ENTRIES SHOWN
---------------

lemma convex_plan_statistics: "convex (plan_statistics L nrm \<zeta> ` {q. finite_plan N \<Xi> q})"
proof (rule convexI)
  fix x y :: "real \<times> real \<times> real" and u v :: real
  assume "x \<in> plan_statistics L nrm \<zeta> ` {q. finite_plan N \<Xi> q}"
    "y \<in> plan_statistics L nrm \<zeta> ` {q. finite_plan N \<Xi> q}" and uv: "0 \<le> u" "0 \<le> v" "u + v = 1"
  then obtain p q where pq: "finite_plan N \<Xi> p" "finite_plan N \<Xi> q"
    and xy: "x = plan_statistics L nrm \<zeta> p" "y = plan_statistics L nrm \<zeta> q"
    by blast
  have "(\<integral>a. h a \<partial>mix_pmf u p q) = u * (\<integral>a. h a \<partial>p) + v * (\<integral>a. h a \<partial>q)"
    for h :: "nat \<times> 'a \<times> real \<Rightarrow> real"
    using pq uv by (subst integral_mix_pmf) (auto simp: finite_plan_def)
  then have "u *\<^sub>R x + v *\<^sub>R y = plan_statistics L nrm \<zeta> (mix_pmf u p q)"
    by (simp add: xy plan_statistics_def plan_mass_def plan_loss_def plan_cost_def)
  then show "u *\<^sub>R x + v *\<^sub>R y \<in> plan_statistics L nrm \<zeta> ` {q. finite_plan N \<Xi> q}"
    using finite_plan_mix_pmf[OF pq] by blast
qed

lemma finite_plan_det_plan:
  assumes "1 \<le> N" "\<And>i. i \<in> {1..N} \<Longrightarrow> xs i \<in> \<Xi> \<and> 0 \<le> us i \<and> us i \<le> 1"
  shows "finite_plan N \<Xi> (det_plan N xs us)"
  using assms unfolding finite_plan_def det_plan_def by (auto simp: pmf.map_comp o_def)

lemma integral_det_plan:
  fixes h :: "nat \<times> 'a \<times> real \<Rightarrow> real"
  assumes "1 \<le> N"
  shows "(\<integral>a. h a \<partial>det_plan N xs us) = (\<Sum>i=1..N. h (i, xs i, us i)) / N"
  using assms by (simp add: det_plan_def integral_pmf_of_set)

lemma plan_mass_det_plan: "1 \<le> N \<Longrightarrow> plan_mass (det_plan N xs us) = (\<Sum>i=1..N. us i) / N"
  and plan_loss_det_plan:
    "1 \<le> N \<Longrightarrow> plan_loss L (det_plan N xs us) = (\<Sum>i=1..N. us i * L (xs i)) / N"
  and plan_cost_det_plan:
    "1 \<le> N \<Longrightarrow> plan_cost nrm \<zeta> (det_plan N xs us) = (\<Sum>i=1..N. nrm (xs i - \<zeta> i)) / N"
  by (simp_all add: plan_mass_def plan_loss_def plan_cost_def integral_det_plan)

lemma plan_coupling_in_couplings:
  fixes q :: "(real ^ 'm) plan"
  assumes "finite_plan N \<Xi> q"
  shows "plan_coupling \<zeta> q \<in> couplings (plan_distr q) (emp_dist N \<zeta>)"
proof -
  have "distr (plan_coupling \<zeta> q) borel snd = distr (distr q (count_space UNIV) fst) borel \<zeta>"
    unfolding plan_coupling_def
    by (subst (1 2) distr_distr) (auto simp: comp_def split_beta' space_pair_measure)
  also have "\<dots> = emp_dist N \<zeta>"
    using assms unfolding emp_dist_def finite_plan_def map_pmf_rep_eq[symmetric] by simp
  finally have "distr (plan_coupling \<zeta> q) borel snd = emp_dist N \<zeta>" .
  moreover have "distr (plan_coupling \<zeta> q) borel fst = plan_distr q"
    unfolding plan_coupling_def plan_distr_def
    by (subst distr_distr) (auto simp: comp_def split_beta' space_pair_measure)
  moreover have "prob_space (plan_coupling \<zeta> q)"
    unfolding plan_coupling_def
    by (intro prob_space.prob_space_distr prob_space_measure_pmf) (simp add: space_pair_measure)
  ultimately show ?thesis
    unfolding couplings_def by (simp add: plan_coupling_def)
qed

lemma nn_integral_plan_coupling:
  fixes q :: "(real ^ 'm) plan"
  assumes nrm: "is_norm nrm" and "finite_plan N \<Xi> q"
  shows "(\<integral>\<^sup>+ p. nrm (fst p - snd p) \<partial>plan_coupling \<zeta> q) = ennreal (plan_cost nrm \<zeta> q)"
proof -
  have [measurable]: "nrm \<in> borel_measurable borel"
    by (rule borel_measurable_is_norm[OF nrm])
  have "(\<integral>\<^sup>+ p. nrm (fst p - snd p) \<partial>plan_coupling \<zeta> q)
      = (\<integral>\<^sup>+ a. nrm (fst (snd a) - \<zeta> (fst a)) \<partial>q)"
    unfolding plan_coupling_def
    by (subst nn_integral_distr) (auto simp: split_beta' space_pair_measure)
  also have "\<dots> = ennreal (plan_cost nrm \<zeta> q)"
    unfolding plan_cost_def split_beta' using assms
    by (intro nn_integral_eq_integral)
      (simp_all add: finite_plan_def integrable_measure_pmf_finite is_norm_nonneg)
  finally show ?thesis .
qed

lemma plan_distr_in_ambiguity_set:
  fixes q :: "(real ^ 'm) plan"
  assumes nrm: "is_norm nrm" and q: "finite_plan N \<Xi> q" and "closed \<Xi>"
    and cost: "plan_cost nrm \<zeta> q \<le> \<delta>"
  shows "plan_distr q \<in> ambiguity_set nrm \<Xi> N \<zeta> \<delta>"
proof -
  have "wasserstein1 nrm (plan_distr q) (emp_dist N \<zeta>) \<le> ennreal \<delta>"
    unfolding wasserstein1_def
    using nn_integral_plan_coupling[OF nrm q] ennreal_leI[OF cost]
    by (intro INF_lower2[OF plan_coupling_in_couplings[OF q]]) simp
  moreover have "emeasure (plan_distr q) \<Xi> = 1"
    unfolding plan_distr_def using q borel_closed[OF \<open>closed \<Xi>\<close>]
    by (subst emeasure_distr)
      (auto intro!: measure_pmf.emeasure_eq_1_AE simp: AE_measure_pmf_iff finite_plan_def)
  ultimately show ?thesis
    unfolding ambiguity_set_def plan_distr_def
    by (simp add: prob_space.prob_space_distr prob_space_measure_pmf)
qed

---------------

WHAT IS EXPECTED
What is wanted is the full set of entries above, reproduced exactly.

ANSWER TO THE PROBLEM
lemma convex_plan_statistics: "convex (plan_statistics L nrm \<zeta> ` {q. finite_plan N \<Xi> q})"
proof (rule convexI)
  fix x y :: "real \<times> real \<times> real" and u v :: real
  assume "x \<in> plan_statistics L nrm \<zeta> ` {q. finite_plan N \<Xi> q}"
    "y \<in> plan_statistics L nrm \<zeta> ` {q. finite_plan N \<Xi> q}" and uv: "0 \<le> u" "0 \<le> v" "u + v = 1"
  then obtain p q where pq: "finite_plan N \<Xi> p" "finite_plan N \<Xi> q"
    and xy: "x = plan_statistics L nrm \<zeta> p" "y = plan_statistics L nrm \<zeta> q"
    by blast
  have "(\<integral>a. h a \<partial>mix_pmf u p q) = u * (\<integral>a. h a \<partial>p) + v * (\<integral>a. h a \<partial>q)"
    for h :: "nat \<times> 'a \<times> real \<Rightarrow> real"
    using pq uv by (subst integral_mix_pmf) (auto simp: finite_plan_def)
  then have "u *\<^sub>R x + v *\<^sub>R y = plan_statistics L nrm \<zeta> (mix_pmf u p q)"
    by (simp add: xy plan_statistics_def plan_mass_def plan_loss_def plan_cost_def)
  then show "u *\<^sub>R x + v *\<^sub>R y \<in> plan_statistics L nrm \<zeta> ` {q. finite_plan N \<Xi> q}"
    using finite_plan_mix_pmf[OF pq] by blast
qed

lemma finite_plan_det_plan:
  assumes "1 \<le> N" "\<And>i. i \<in> {1..N} \<Longrightarrow> xs i \<in> \<Xi> \<and> 0 \<le> us i \<and> us i \<le> 1"
  shows "finite_plan N \<Xi> (det_plan N xs us)"
  using assms unfolding finite_plan_def det_plan_def by (auto simp: pmf.map_comp o_def)

lemma integral_det_plan:
  fixes h :: "nat \<times> 'a \<times> real \<Rightarrow> real"
  assumes "1 \<le> N"
  shows "(\<integral>a. h a \<partial>det_plan N xs us) = (\<Sum>i=1..N. h (i, xs i, us i)) / N"
  using assms by (simp add: det_plan_def integral_pmf_of_set)

lemma plan_mass_det_plan: "1 \<le> N \<Longrightarrow> plan_mass (det_plan N xs us) = (\<Sum>i=1..N. us i) / N"
  and plan_loss_det_plan:
    "1 \<le> N \<Longrightarrow> plan_loss L (det_plan N xs us) = (\<Sum>i=1..N. us i * L (xs i)) / N"
  and plan_cost_det_plan:
    "1 \<le> N \<Longrightarrow> plan_cost nrm \<zeta> (det_plan N xs us) = (\<Sum>i=1..N. nrm (xs i - \<zeta> i)) / N"
  by (simp_all add: plan_mass_def plan_loss_def plan_cost_def integral_det_plan)

lemma plan_coupling_in_couplings:
  fixes q :: "(real ^ 'm) plan"
  assumes "finite_plan N \<Xi> q"
  shows "plan_coupling \<zeta> q \<in> couplings (plan_distr q) (emp_dist N \<zeta>)"
proof -
  have "distr (plan_coupling \<zeta> q) borel snd = distr (distr q (count_space UNIV) fst) borel \<zeta>"
    unfolding plan_coupling_def
    by (subst (1 2) distr_distr) (auto simp: comp_def split_beta' space_pair_measure)
  also have "\<dots> = emp_dist N \<zeta>"
    using assms unfolding emp_dist_def finite_plan_def map_pmf_rep_eq[symmetric] by simp
  finally have "distr (plan_coupling \<zeta> q) borel snd = emp_dist N \<zeta>" .
  moreover have "distr (plan_coupling \<zeta> q) borel fst = plan_distr q"
    unfolding plan_coupling_def plan_distr_def
    by (subst distr_distr) (auto simp: comp_def split_beta' space_pair_measure)
  moreover have "prob_space (plan_coupling \<zeta> q)"
    unfolding plan_coupling_def
    by (intro prob_space.prob_space_distr prob_space_measure_pmf) (simp add: space_pair_measure)
  ultimately show ?thesis
    unfolding couplings_def by (simp add: plan_coupling_def)
qed

lemma nn_integral_plan_coupling:
  fixes q :: "(real ^ 'm) plan"
  assumes nrm: "is_norm nrm" and "finite_plan N \<Xi> q"
  shows "(\<integral>\<^sup>+ p. nrm (fst p - snd p) \<partial>plan_coupling \<zeta> q) = ennreal (plan_cost nrm \<zeta> q)"
proof -
  have [measurable]: "nrm \<in> borel_measurable borel"
    by (rule borel_measurable_is_norm[OF nrm])
  have "(\<integral>\<^sup>+ p. nrm (fst p - snd p) \<partial>plan_coupling \<zeta> q)
      = (\<integral>\<^sup>+ a. nrm (fst (snd a) - \<zeta> (fst a)) \<partial>q)"
    unfolding plan_coupling_def
    by (subst nn_integral_distr) (auto simp: split_beta' space_pair_measure)
  also have "\<dots> = ennreal (plan_cost nrm \<zeta> q)"
    unfolding plan_cost_def split_beta' using assms
    by (intro nn_integral_eq_integral)
      (simp_all add: finite_plan_def integrable_measure_pmf_finite is_norm_nonneg)
  finally show ?thesis .
qed

lemma plan_distr_in_ambiguity_set:
  fixes q :: "(real ^ 'm) plan"
  assumes nrm: "is_norm nrm" and q: "finite_plan N \<Xi> q" and "closed \<Xi>"
    and cost: "plan_cost nrm \<zeta> q \<le> \<delta>"
  shows "plan_distr q \<in> ambiguity_set nrm \<Xi> N \<zeta> \<delta>"
proof -
  have "wasserstein1 nrm (plan_distr q) (emp_dist N \<zeta>) \<le> ennreal \<delta>"
    unfolding wasserstein1_def
    using nn_integral_plan_coupling[OF nrm q] ennreal_leI[OF cost]
    by (intro INF_lower2[OF plan_coupling_in_couplings[OF q]]) simp
  moreover have "emeasure (plan_distr q) \<Xi> = 1"
    unfolding plan_distr_def using q borel_closed[OF \<open>closed \<Xi>\<close>]
    by (subst emeasure_distr)
      (auto intro!: measure_pmf.emeasure_eq_1_AE simp: AE_measure_pmf_iff finite_plan_def)
  ultimately show ?thesis
    unfolding ambiguity_set_def plan_distr_def
    by (simp add: prob_space.prob_space_distr prob_space_measure_pmf)
qed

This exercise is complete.